Evaluation of Tumoral Perfusion Modification by Dynamic Imaging After Neoadjuvant Chemotherapy Combining Gemcitabine and a Hedgehog Inhibitor (Vismodegib) in Patients With Resectable Pancreatic Adenocarcinoma

Clinical Trial Details — Status: Not yet recruiting

Administrative data

• NCT number: NCT01713218
• Other study ID #: 2012-003516-31
• Status: Not yet recruiting
• Phase: Phase 0
• First received: October 17, 2012
• Last updated: October 22, 2012
• Start date: December 2012
• Est. completion date: December 2016

Study information

• Verified date: October 2012
• Source: Erasme University Hospital
• Contact: Jean-Luc Van Laethem, MD, PhD
• Email: jl.vanlaethem[@]erasme.ulb.ac.be
• Is FDA regulated: No
• Health authority: Belgium: Federal Agency for Medicinal Products and Health Products
• Study type: Interventional

Clinical Trial Summary

Pancreatic ductal adenocarcinoma (PDAC) has one of the worst prognoses of all human cancers and is considered as a sanctuary, resistant to most of the drugs used. Identification of new molecular targets involved in its pathogenesis is urgently needed and required both proper and innovative efficacy assessment.

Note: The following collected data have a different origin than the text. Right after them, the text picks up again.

(* Let $d\ge 1$, $\bar{\alpha}>2$ and $\beta_k>0$. Consider the hierarchical model for a random vector $\mathbf{x}_k\in\mathbb{R}^d$ in which $\gamma_k>0$ follows a Gamma distribution with shape $\bar{\alpha}$ and rate $\beta_k$ (density $\frac{\beta_k^{\bar\alpha}}{\Gamma(\bar\alpha)}\gamma_k^{\bar\alpha-1}e^{-\beta_k\gamma_k}$), and, conditionally on $\gamma_k$, $\mathbf{x}_k$ has the density $p(\mathbf{x}_k\mid\gamma_k)=\left(\frac{\gamma_k}{2}\right)^d\exp\left(-\gamma_k\|\mathbf{x}_k\|_1\right)$, where $\|\mathbf{x}_k\|_1=\sum_{i=1}^d|x_{k,i}|$. Then the marginal density of $\mathbf{x}_k$ satisfies $p(\mathbf{x}_k)\propto(\|\mathbf{x}_k\|_1+\beta_k)^{-(d+\bar\alpha)}$, and $$\mathbb{E}\left[\mathbf{x}_k\mathbf{x}_k^\top\right]=\frac{2\beta_k^2}{(\bar\alpha-1)(\bar\alpha-2)}I_d .$$ Consequently, for given $\mathrm{SNR}>1$, positive semidefinite nonzero $\Gamma_\xi\in\mathbb{R}^{m\times m}$, integer $q\ge1$ and nonzero $L_k\in\mathbb{R}^{m\times d}$, the requirement $\mathbb{E}[\mathbf{x}_k\mathbf{x}_k^\top]=\theta_k I_d$ with $\theta_k=\frac{(\mathrm{SNR}-1)\,\mathrm{trace}(\Gamma_\xi)}{q\|L_k\|_F^2}$ holds if and only if $$\beta_k=\sqrt{\frac{(\bar\alpha-1)(\bar\alpha-2)(\mathrm{SNR}-1)\,\mathrm{trace}(\Gamma_\xi)}{2q\|L_k\|_F^2}}.$$
   Context: $\|\cdot\|_F$ denotes the Frobenius norm and $I_d$ the $d\times d$ identity matrix. In the application, $L_k$ is the block of $d$ columns of an EEG lead field matrix associated with source location $k$, $\Gamma_\xi$ is the measurement noise covariance, $q$ is the number of active sources, and $\theta_k$ is the prior variance prescribed by a signal-to-noise-ratio-based sensitivity weighting. *)

theory Defs
  imports "HOL-Analysis.Analysis"
begin
(* Let $r\ge 3$. There exists an uncountable set of $r$-tuples $(\alpha_1,\dots,\alpha_r)\in\mathbb{R}^r$, each such that $1,\alpha_1,\dots,\alpha_r$ are linearly independent over $\mathbb{Q}$, such that for each of them there is $\nu_0$ with $\Delta_\nu^r=0$ for all $\nu>\nu_0$, where $\Delta_\nu^r$ is the determinant of the $(r+1)\times(r+1)$ integer matrix whose rows are the consecutive best approximations $m_\nu,m_{\nu+1},\dots,m_{\nu+r}$ (in the sense of linear form) for $(\alpha_1,\dots,\alpha_r)$.
   Context: For real $\alpha_1,\dots,\alpha_r$ and $m=(m_0,\dots,m_r)\in\mathbb{Z}^{r+1}\setminus\{0\}$ put $\zeta(m)=|m_0+m_1\alpha_1+\dots+m_r\alpha_r|$ and $M=\max_{0\le j\le r}|m_j|$. A point $m\in\mathbb{Z}^{r+1}\setminus\{0\}$ is a best approximation (in the sense of linear form) if $\zeta(m)=\min\{\zeta(n): n\in\mathbb{Z}^{r+1}\setminus\{0\},\ \max_j|n_j|\le M\}$. The best approximations are ordered as $m_1,m_2,\dots$ so that $\zeta(m_1)>\zeta(m_2)>\dots$ and $M_1<M_2<\dots$, where $M_\nu=\max_j|m_{j,\nu}|$. *)

theory Defs
  imports "HOL-Library.Countable_Set" "Jordan_Normal_Form.Determinant" Complex_Main
begin

text \<open>An r-tuple (alpha_1,...,alpha_r) is a real list a of length r, alpha_j = a ! (j-1).
  An integer point m = (m_0,...,m_r) is an int list of length r+1, m_j = m ! j.\<close>

definition lin_indep_1 :: "real list \<Rightarrow> bool" where
  "lin_indep_1 a \<longleftrightarrow>
     (\<forall>q :: rat list. length q = length a + 1 \<longrightarrow>
        of_rat (q ! 0) + (\<Sum>j = 1..length a. of_rat (q ! j) * a ! (j - 1)) = 0 \<longrightarrow>
        (\<forall>j \<le> length a. q ! j = 0))"
(* For all integers $n\geq1$, $$\sum_{k=1}^{n}t^{2(n-k)}\left(\frac{\{k+1\}_{s,t}+t\{k-1\}_{s,t}}{s}\right)\{k\}_{s,t}^3=\left\{{n+1\atop 2}\right\}_{s,t}^2=\left(\sum_{k=1}^{n}\varphi^{2(n-k)}\varphi'^{\,k-1}\{k\}_{s,t}\right)^2.$$
   Context: Let $s,t$ be nonzero reals with $s^2+4t\neq0$; $\varphi=\frac{s+\sqrt{s^2+4t}}{2}$, $\varphi'=\frac{s-\sqrt{s^2+4t}}{2}$. Generalized Fibonacci polynomials: $\{0\}_{s,t}=0$, $\{1\}_{s,t}=1$, $\{n+2\}_{s,t}=s\{n+1\}_{s,t}+t\{n\}_{s,t}$ (so $\{n\}_{s,t}=\frac{\varphi^n-\varphi'^n}{\varphi-\varphi'}$). The generalized triangular numbers are $\left\{{n+1\atop 2}\right\}_{s,t}=\frac{\{n\}_{s,t}\{n+1\}_{s,t}}{s}$. *)

theory Defs
  imports Complex_Main
begin

fun gfib :: "real \<Rightarrow> real \<Rightarrow> nat \<Rightarrow> real" where
  "gfib s t 0 = 0"
| "gfib s t (Suc 0) = 1"
| "gfib s t (Suc (Suc n)) = s * gfib s t (Suc n) + t * gfib s t n"

text \<open>Generalized triangular number {n+1 choose 2}_{s,t} = {n}{n+1}/s.\<close>
definition gtri :: "real \<Rightarrow> real \<Rightarrow> nat \<Rightarrow> real" where
  "gtri s t n = gfib s t n * gfib s t (Suc n) / s"

text \<open>Roots phi, phi' of x^2 = s x + t, taken in the complex numbers
  (s^2 + 4t may be negative).\<close>
definition gphi :: "real \<Rightarrow> real \<Rightarrow> complex" where
  "gphi s t = (complex_of_real s + csqrt (complex_of_real (s^2 + 4*t))) / 2"

definition gphi' :: "real \<Rightarrow> real \<Rightarrow> complex" where
  "gphi' s t = (complex_of_real s - csqrt (complex_of_real (s^2 + 4*t))) / 2"

end

theory Submission
  imports Defs
begin

text \<open>Both sums have the shape \<open>S n = (\<Sum>k=1..n. c^(n-k) * g k)\<close>, so \<open>S (n+1) = c * S n + g (n+1)\<close>
  and each equality follows by induction on \<open>n\<close> from a one-step identity for the triangular
  numbers \<open>T n = {n}{n+1}/s\<close>. For the squared sum, \<open>T (n+1)^2 = t^2 T n^2 + (({n+2} + t{n})/s) {n+1}^3\<close>
  is a rational identity implied by the recurrence. For the sum over the roots,
  \<open>T (n+1) = \<phi>^2 T n + \<phi>'^n {n+1}\<close> reduces to \<open>{n+2} = \<phi>^2 {n} + s \<phi>'^n\<close>; both sides of the latter
  satisfy the recurrence \<open>x (m+2) = s x (m+1) + t x m\<close> (because \<open>\<phi>'^2 = s \<phi>' + t\<close>) and agree
  for \<open>n = 0, 1\<close>.\<close>

lemma sum_power_weighted_Suc:
  fixes g :: "nat \<Rightarrow> 'a::comm_semiring_1"
  shows "(\<Sum>k=1..Suc n. c^(Suc n - k) * g k) = c * (\<Sum>k=1..n. c^(n - k) * g k) + g (Suc n)"
proof -
  have "(\<Sum>k=1..n. c^(Suc n - k) * g k) = (\<Sum>k=1..n. c * (c^(n - k) * g k))"
    by (intro sum.cong) (auto simp: Suc_diff_le mult.assoc)
  then show ?thesis
    by (simp add: sum_distrib_left)
qed

lemma linear_recurrence2_unique:
  fixes u v :: "nat \<Rightarrow> 'a::comm_ring"
  assumes "\<And>m. u (Suc (Suc m)) = a * u (Suc m) + b * u m"
    and "\<And>m. v (Suc (Suc m)) = a * v (Suc m) + b * v m"
    and "u 0 = v 0" and "u 1 = v 1"
  shows "u m = v m"
proof -
  have "u m = v m \<and> u (Suc m) = v (Suc m)"
    by (induction m) (use assms in auto)
  then show ?thesis ..
qed

lemma gtri_0 [simp]: "gtri s t 0 = 0"
  by (simp add: gtri_def)

lemma gtri_Suc_square:
  assumes "s \<noteq> 0"
  shows "(gtri s t (Suc n))^2
    = t^2 * (gtri s t n)^2 + (gfib s t (n+2) + t * gfib s t n) / s * (gfib s t (Suc n))^3"
  using assms by (simp add: gtri_def field_simps power2_eq_square power3_eq_cube)

lemma sum_gtri_square:
  assumes "s \<noteq> 0"
  shows "(\<Sum>k=1..n. (t^2)^(n-k) * ((gfib s t (k+1) + t * gfib s t (k-1)) / s * (gfib s t k)^3))
    = (gtri s t n)^2"
proof (induction n)
  case (Suc n)
  then show ?case
    unfolding sum_power_weighted_Suc by (simp add: gtri_Suc_square assms)
qed simp

lemma gphi_square: "(gphi s t)^2 = complex_of_real s * gphi s t + complex_of_real t"
  using power2_csqrt[of "complex_of_real (s^2 + 4*t)"]
  by (simp add: gphi_def power2_eq_square field_simps)

lemma gphi'_square: "(gphi' s t)^2 = complex_of_real s * gphi' s t + complex_of_real t"
  using power2_csqrt[of "complex_of_real (s^2 + 4*t)"]
  by (simp add: gphi'_def power2_eq_square field_simps)

lemma gphi_add_gphi': "gphi s t + gphi' s t = complex_of_real s"
  by (simp add: gphi_def gphi'_def field_simps)

lemma gfib_Suc_Suc_gphi:
  "complex_of_real (gfib s t (n+2))
    = (gphi s t)^2 * complex_of_real (gfib s t n) + complex_of_real s * (gphi' s t)^n"
proof -
  let ?p = "gphi s t" and ?q = "gphi' s t" and ?s = "complex_of_real s" and ?t = "complex_of_real t"
  let ?u = "\<lambda>m. complex_of_real (gfib s t (m+2)) - ?p^2 * complex_of_real (gfib s t m)"
  let ?v = "\<lambda>m. ?s * ?q^m"
  have "?u m = ?v m" for m
  proof (rule linear_recurrence2_unique[where a = ?s and b = ?t])
    show "?u (Suc (Suc m)) = ?s * ?u (Suc m) + ?t * ?u m" for m
      by (simp add: numeral_2_eq_2 algebra_simps)
    show "?v (Suc (Suc m)) = ?s * ?v (Suc m) + ?t * ?v m" for m
    proof -
      have "?v (Suc (Suc m)) = ?s * ?q^m * ?q^2"
        by (simp add: power2_eq_square algebra_simps)
      then show ?thesis
        by (simp add: gphi'_square algebra_simps)
    qed
    show "?u 0 = ?v 0"
      by (simp add: numeral_2_eq_2)
    show "?u 1 = ?v 1"
    proof -
      have u1: "?u 1 = ?s * (?s - ?p)"
        using gphi_square[of s t] by (simp add: numeral_2_eq_2 power2_eq_square algebra_simps)
      have "?s - ?p = ?q"
        using gphi_add_gphi'[of s t] by (simp add: algebra_simps)
      with u1 show ?thesis
        by (simp only: power_one_right)
    qed
  qed
  then show ?thesis
    by (simp add: algebra_simps)
qed

lemma gtri_Suc_gphi:
  assumes "s \<noteq> 0"
  shows "complex_of_real (gtri s t (Suc n))
    = (gphi s t)^2 * complex_of_real (gtri s t n) + (gphi' s t)^n * complex_of_real (gfib s t (Suc n))"
proof -
  have "complex_of_real (gtri s t (Suc n))
      = complex_of_real (gfib s t (Suc n)) * complex_of_real (gfib s t (n+2)) / complex_of_real s"
    by (simp add: gtri_def)
  also have "\<dots> = complex_of_real (gfib s t (Suc n))
      * ((gphi s t)^2 * complex_of_real (gfib s t n) + complex_of_real s * (gphi' s t)^n)
      / complex_of_real s"
    by (simp only: gfib_Suc_Suc_gphi)
  finally show ?thesis
    using assms by (simp add: gtri_def field_simps)
qed

lemma sum_gphi_gfib_eq_gtri:
  assumes "s \<noteq> 0"
  shows "(\<Sum>k=1..n. ((gphi s t)^2)^(n-k) * ((gphi' s t)^(k-1) * complex_of_real (gfib s t k)))
    = complex_of_real (gtri s t n)"
proof (induction n)
  case (Suc n)
  then show ?case
    unfolding sum_power_weighted_Suc by (simp add: gtri_Suc_gphi assms)
qed simp

theorem mainTheorem13:
  fixes s t :: real and n :: nat
  assumes "s \<noteq> 0" and "t \<noteq> 0" and "s^2 + 4*t \<noteq> 0" and "n \<ge> 1"
  shows "(\<Sum>k=1..n. t^(2*(n-k)) * ((gfib s t (k+1) + t * gfib s t (k-1)) / s) * (gfib s t k)^3)
           = (gtri s t n)^2
       \<and> complex_of_real ((gtri s t n)^2)
           = (\<Sum>k=1..n. (gphi s t)^(2*(n-k)) * (gphi' s t)^(k-1) * complex_of_real (gfib s t k))^2"
  using sum_gtri_square[OF assms(1), of t n] sum_gphi_gfib_eq_gtri[OF assms(1), of t n]
  by (simp add: power_mult mult.assoc)

end
lemma card_eq_sum_level_density:
  fixes C :: "('a::{field,finite}^'n) set set"
  assumes "C \<subseteq> subspaces"
  shows "real (card C)
       = (\<Sum>i\<le>CARD('n). real (card (grassmannian (UNIV::('a^'n) set) i)) * level_density C i)"
proof -
  have "real (card (grassmannian (UNIV::('a^'n) set) i)) * level_density C i
      = real (card (C \<inter> grassmannian UNIV i))" if "i \<le> CARD('n)" for i
    using that card_grassmannian_UNIV_pos[of i] by (simp add: level_density_def)
  then show ?thesis by (simp add: card_eq_sum_card_levels[OF assms])
qed

lemma level_density_parity_class:
  assumes "i \<le> CARD('n)"
  shows "level_density (parity_class p :: ('a::{field,finite}^'n) set set) i
       = (if i mod 2 = p then 1 else 0)"
  using assms card_grassmannian_UNIV_pos[of i, where 'a='a and 'n='n]
  by (auto simp: level_density_def parity_class_inter_grassmannian)

lemma level_density_parity_class_adjacent:
  assumes "p < 2" and "i < CARD('n)"
  shows "level_density (parity_class p :: ('a::{field,finite}^'n) set set) i
       + level_density (parity_class p :: ('a^'n) set set) (Suc i) = 1"
  using assms by (cases "even i") (auto simp: level_density_parity_class mod_2_eq_odd)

This proof-of-concept trial is studying the "dynamic" tumor response after the administration of a short course (4 weeks) neoadjuvant combination of gemcitabine and a Hedgehog inhibitor (Vismodegib) before surgery in patients with operable pancreatic cancer.

Description:

Pancreatic cancer is characterized by a high stromal density and is a hypoperfused tumor, precluding cytotoxics delivery to the epithelial tumoral compartment. There is thus a rationale for combining chemotherapy and antistromal drugs like Hedgehog inhibitors. Targeting the resectable primary tumor offers an appropriate setting to (1) evaluate and monitor early treatment effects on the tumor, (2) correlate dynamic imaging changes (perfusion and diffusion coefficient) to pre- and post-therapeutic tissue changes, (3) identify specific predictive biomarkers for the drugs used (i.e. gemcitabine transporters and Hedgehog pathway genes and proteins) and (4) assess if this early "dynamic and biomolecular response" can predict treatment benefit and patient outcome.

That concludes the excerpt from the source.